From that point on, the firm grew rapidly, and by 1938, it employed more than 14,000 people–about five times Lockheed’s employment at the time. Arado supplied a series of excellent trainers and fighters that were fundamental in establishing the Luftwaffe as a powerful military and political entity. From 1935 on, however, the firm was brought under close control by the German government, as aviation firms were first nationalized so that they could be “rationalized” for the production effort. Lubbe resisted the takeover and was arrested and forced to sell his company to the Reich.

Arado had delivered more than 1,500 aircraft, including license-built Heinkel He-51s, by 1936. It had not progressed technologically as rapidly as some other companies, and its designs were for a time confined to traditional construction methods. Nonetheless, it produced the distinguished Ar-196 seaplane and the classic Ar-96 trainer, an all-metal, cantilever low-wing aircraft that brought the firm into the realm of modern construction techniques. Some 12,000 Ar-96s were produced, ranking it well up on the German aircraft production list.

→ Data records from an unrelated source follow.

(* Assume the sparsity setting with $1\le p\le2$. Let $(c^\ast,s^\ast)\in X\times Y$, $u^\ast=B(c^\ast,s^\ast)$, with $c^\ast$ a $\Phi_p$-minimizing solution, and let $u_\delta\in Z$, $s_{\mathrm{mod},\epsilon}\in Y$ with $\|u^\ast-u_\delta\|\le\delta$, $\|s^\ast-s_{\mathrm{mod},\epsilon}\|\le\epsilon$. Let $0<\alpha_{\max}<\infty$ and assume there exist $\kappa_1\in[0,1)$, $\kappa_2\ge0$, $0\le\kappa_3<\min\{1,\gamma/(2\alpha_{\max})\}$ and $\xi^\ast=(\xi_{c^\ast},\xi_{s^\ast})\in\partial\tilde{\mathcal{R}}(c^\ast,s^\ast)$ such that for all $(c,s)\in X\times Y$ $$\langle\xi^\ast,(c^\ast-c,s^\ast-s)\rangle\le\kappa_1D^{\xi^\ast}_{\tilde{\mathcal{R}}}((c,s),(c^\ast,s^\ast))+\kappa_2\|B(c,s)-B(c^\ast,s^\ast)\|+\kappa_3\|s-s^\ast\|^2.$$ For $0<\alpha\le\alpha_{\max}$ let $(c^\alpha,s^\alpha)$ be a minimizer of $J^{u_\delta,s_{\mathrm{mod},\epsilon}}_{\alpha,\nu_1\alpha,\nu_2\alpha}$. If $\alpha\sim\delta+\epsilon$, then as $\delta+\epsilon\to0$ $$D^{\xi^\ast}_{\tilde{\mathcal{R}}}((c^\alpha,s^\alpha),(c^\ast,s^\ast))=\mathcal{O}(\delta+\epsilon),\qquad\|B(c^\alpha,s^\alpha)-B(c^\ast,s^\ast)\|=\mathcal{O}(\delta+\epsilon).$$
   Context: Sparsity setting: $X,Y,Z$ are Hilbert spaces; $X\times Y$ carries the inner product $\langle (c_1,s_1),(c_2,s_2)\rangle=\langle c_1,c_2\rangle_X+\langle s_1,s_2\rangle_Y$. $B:X\times Y\to Z$ is bilinear, satisfies $\|B(c,s)\|_Z\le C\|c\|_X\|s\|_Y$ for some $C>0$, and is sequentially weak-weak continuous. $Y_n\subset Y$ is a finite-dimensional subspace, $P:Y\to Y_n$ is linear and bounded, $s_{\mathrm{calib}}\in Y_n$. $\mathcal{R}_s:Y\to[0,\infty)$ is proper, convex and weakly lower semi-continuous. $\{\varphi_i\}_{i\in\mathbb{N}}$ is an orthonormal basis of $X$, weights satisfy $1\le w_i<\infty$, and $\Phi_p(c)=\sum_iw_i|\langle c,\varphi_i\rangle|^p$. Fix $\gamma>0$ and $\nu_1,\nu_2\in(0,\infty)$. $J^{u,s_m}_{\alpha,\beta,\mu}(c,s)=\frac12\|B(c,s)-u\|^2+\frac{\gamma}{2}\|s-s_m\|^2+\frac{\mu}{2}\|P(s)-s_{\mathrm{calib}}\|^2+\alpha\Phi_p(c)+\beta\mathcal{R}_s(s)$; $\tilde{\mathcal{R}}(c,s)=\Phi_p(c)+\frac{\nu_2}{2}\|P(s)-s_{\mathrm{calib}}\|^2+\nu_1\mathcal{R}_s(s)$. $c^\ast$ is a $\Phi_p$-minimizing solution if $c^\ast\in\arg\min\{\Phi_p(c):B(c,s^\ast)=u^\ast\}$. For a convex functional $\mathcal{R}$ and $\xi\in\partial\mathcal{R}(x^\ast)$, $D^{\xi}_{\mathcal{R}}(x,x^\ast)=\mathcal{R}(x)-\mathcal{R}(x^\ast)-\langle\xi,x-x^\ast\rangle$. $\alpha\sim\delta+\epsilon$ means $m(\delta+\epsilon)\le\alpha\le M(\delta+\epsilon)$ for constants $0<m\le M$. *)

theory Defs
  imports "HOL-Analysis.Analysis"
begin

definition weak_conv :: "(nat \<Rightarrow> 'a::real_inner) \<Rightarrow> 'a \<Rightarrow> bool" where
  "weak_conv xs x \<longleftrightarrow> (\<forall>z. (\<lambda>n. inner (xs n) z) \<longlonglongrightarrow> inner x z)"

definition seq_weak_weak_cont :: "('x::real_inner \<Rightarrow> 'y::real_inner \<Rightarrow> 'z::real_inner) \<Rightarrow> bool" where
  "seq_weak_weak_cont B \<longleftrightarrow>
     (\<forall>cs ss c s. weak_conv (\<lambda>n. (cs n, ss n)) (c, s) \<longrightarrow>
        weak_conv (\<lambda>n. B (cs n) (ss n)) (B c s))"

definition weakly_lsc :: "('a::real_inner \<Rightarrow> real) \<Rightarrow> bool" where
  "weakly_lsc f \<longleftrightarrow>
     (\<forall>xs x. weak_conv xs x \<longrightarrow> ereal (f x) \<le> liminf (\<lambda>n. ereal (f (xs n))))"

definition orthonormal_basis :: "(nat \<Rightarrow> 'a::real_inner) \<Rightarrow> bool" where
  "orthonormal_basis \<phi> \<longleftrightarrow>
     (\<forall>i j. inner (\<phi> i) (\<phi> j) = (if i = j then 1 else 0)) \<and>
     (\<forall>c. (\<lambda>n. \<Sum>i<n. inner c (\<phi> i) *\<^sub>R \<phi> i) \<longlonglongrightarrow> c)"

definition fin_dim_subspace :: "'a::real_vector set \<Rightarrow> bool" where
  "fin_dim_subspace V \<longleftrightarrow> subspace V \<and> (\<exists>S. finite S \<and> span S = V)"

definition Phi_p :: "(nat \<Rightarrow> real) \<Rightarrow> (nat \<Rightarrow> 'a::real_inner) \<Rightarrow> real \<Rightarrow> 'a \<Rightarrow> ereal" where
  "Phi_p w \<phi> p c = (\<Sum>i. ereal (w i * \<bar>inner c (\<phi> i)\<bar> powr p))"

definition J_fun ::
  "('x::real_inner \<Rightarrow> 'y::real_inner \<Rightarrow> 'z::real_inner) \<Rightarrow> ('y \<Rightarrow> 'y) \<Rightarrow> 'y \<Rightarrow> real
   \<Rightarrow> ('x \<Rightarrow> ereal) \<Rightarrow> ('y \<Rightarrow> real)
   \<Rightarrow> 'z \<Rightarrow> 'y \<Rightarrow> real \<Rightarrow> real \<Rightarrow> real \<Rightarrow> 'x \<times> 'y \<Rightarrow> ereal" where
  "J_fun B P s_calib \<gamma> Phi Rs u s_m \<alpha> \<beta> \<mu> cs =
     (case cs of (c, s) \<Rightarrow>
       ereal (1/2 * (norm (B c s - u))\<^sup>2 + \<gamma>/2 * (norm (s - s_m))\<^sup>2
              + \<mu>/2 * (norm (P s - s_calib))\<^sup>2)
       + ereal \<alpha> * Phi c + ereal (\<beta> * Rs s))"

definition R_tilde ::
  "('y::real_inner \<Rightarrow> 'y) \<Rightarrow> 'y \<Rightarrow> ('x::real_inner \<Rightarrow> ereal) \<Rightarrow> ('y \<Rightarrow> real)
   \<Rightarrow> real \<Rightarrow> real \<Rightarrow> 'x \<times> 'y \<Rightarrow> ereal" where
  "R_tilde P s_calib Phi Rs \<nu>1 \<nu>2 cs =
     (case cs of (c, s) \<Rightarrow>
        Phi c + ereal (\<nu>2/2 * (norm (P s - s_calib))\<^sup>2 + \<nu>1 * Rs s))"

definition subdiff :: "('a::real_inner \<Rightarrow> ereal) \<Rightarrow> 'a \<Rightarrow> 'a set" where
  "subdiff f x = {\<xi>. \<bar>f x\<bar> \<noteq> \<infinity> \<and> (\<forall>y. f x + ereal (inner \<xi> (y - x)) \<le> f y)}"

definition bregman :: "('a::real_inner \<Rightarrow> ereal) \<Rightarrow> 'a \<Rightarrow> 'a \<Rightarrow> 'a \<Rightarrow> ereal" where
  "bregman f \<xi> x xstar = f x - f xstar - ereal (inner \<xi> (x - xstar))"

end

theory Submission
  imports Defs
begin

(*
  Comparing the Tikhonov functional at the minimiser (c\<alpha>, s\<alpha>) with its value at (cstar, sstar),
  and writing R~(c\<alpha>, s\<alpha>) - R~(cstar, sstar) as the Bregman distance D plus the pairing with
  the subgradient \<xi>, the source condition turns minimality into
    |B(c\<alpha>,s\<alpha>) - u\<delta>|^2/2 + \<gamma>/2 |s\<alpha> - smod|^2 + \<alpha> (1 - \<kappa>1) D
      <= \<delta>^2/2 + \<gamma>/2 \<epsilon>^2 + \<alpha> (\<kappa>2 |B(c\<alpha>,s\<alpha>) - ustar| + \<kappa>3 |s\<alpha> - sstar|^2).
  As \<alpha> \<kappa>3 < \<gamma>/2, the last term is absorbed by the left-hand side, leaving a quadratic
  inequality for |B(c\<alpha>,s\<alpha>) - ustar| whose solution is O(\<delta> + \<epsilon>); dividing by \<alpha> ~ \<delta> + \<epsilon>
  then bounds D by O(\<delta> + \<epsilon>). Existence of minimisers is assumed.
*)

lemma Phi_p_nonneg:
  assumes "\<forall>i. 0 \<le> w i"
  shows "0 \<le> Phi_p w \<phi> p c"
  unfolding Phi_p_def using assms by (intro suminf_0_le) simp

lemma J_fun_eq_fidelity_plus_R_tilde:
  "J_fun B P s_calib \<gamma> Phi Rs u s_m \<alpha> (\<nu>1 * \<alpha>) (\<nu>2 * \<alpha>) (c, s) =
     ereal (1/2 * (norm (B c s - u))\<^sup>2 + \<gamma>/2 * (norm (s - s_m))\<^sup>2)
     + ereal \<alpha> * R_tilde P s_calib Phi Rs \<nu>1 \<nu>2 (c, s)"
proof -
  have "ereal \<alpha> * R_tilde P s_calib Phi Rs \<nu>1 \<nu>2 (c, s)
      = ereal \<alpha> * Phi c + ereal (\<alpha> * (\<nu>2/2 * (norm (P s - s_calib))\<^sup>2 + \<nu>1 * Rs s))"
    using ereal_distrib[of "Phi c" "ereal (\<nu>2/2 * (norm (P s - s_calib))\<^sup>2 + \<nu>1 * Rs s)" "ereal \<alpha>"]
    by (simp add: R_tilde_def mult.commute)
  then show ?thesis
    by (simp add: J_fun_def algebra_simps flip: plus_ereal.simps)
qed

The final section of the book is devoted to one of the most beautiful, efficient and respected aircraft of the war, the sensational Arado Ar-234 jet. Intended originally for a reconnaissance role, it was developed into a bomber as well. The author takes us behind the scenes to glimpse the creation, production and employment of this aircraft, and also shows us the amazing developments that might have come from it had the war permitted.

Arado: History of an Aircraft Company is a great reference book and a fascinating read, for it shows clearly how the history of aviation is far more than a catalog of top speeds and wingspans. At the heart of any aviation story are the men and women who made it happen, and Arado is a prime example of just how fascinating the human element can be.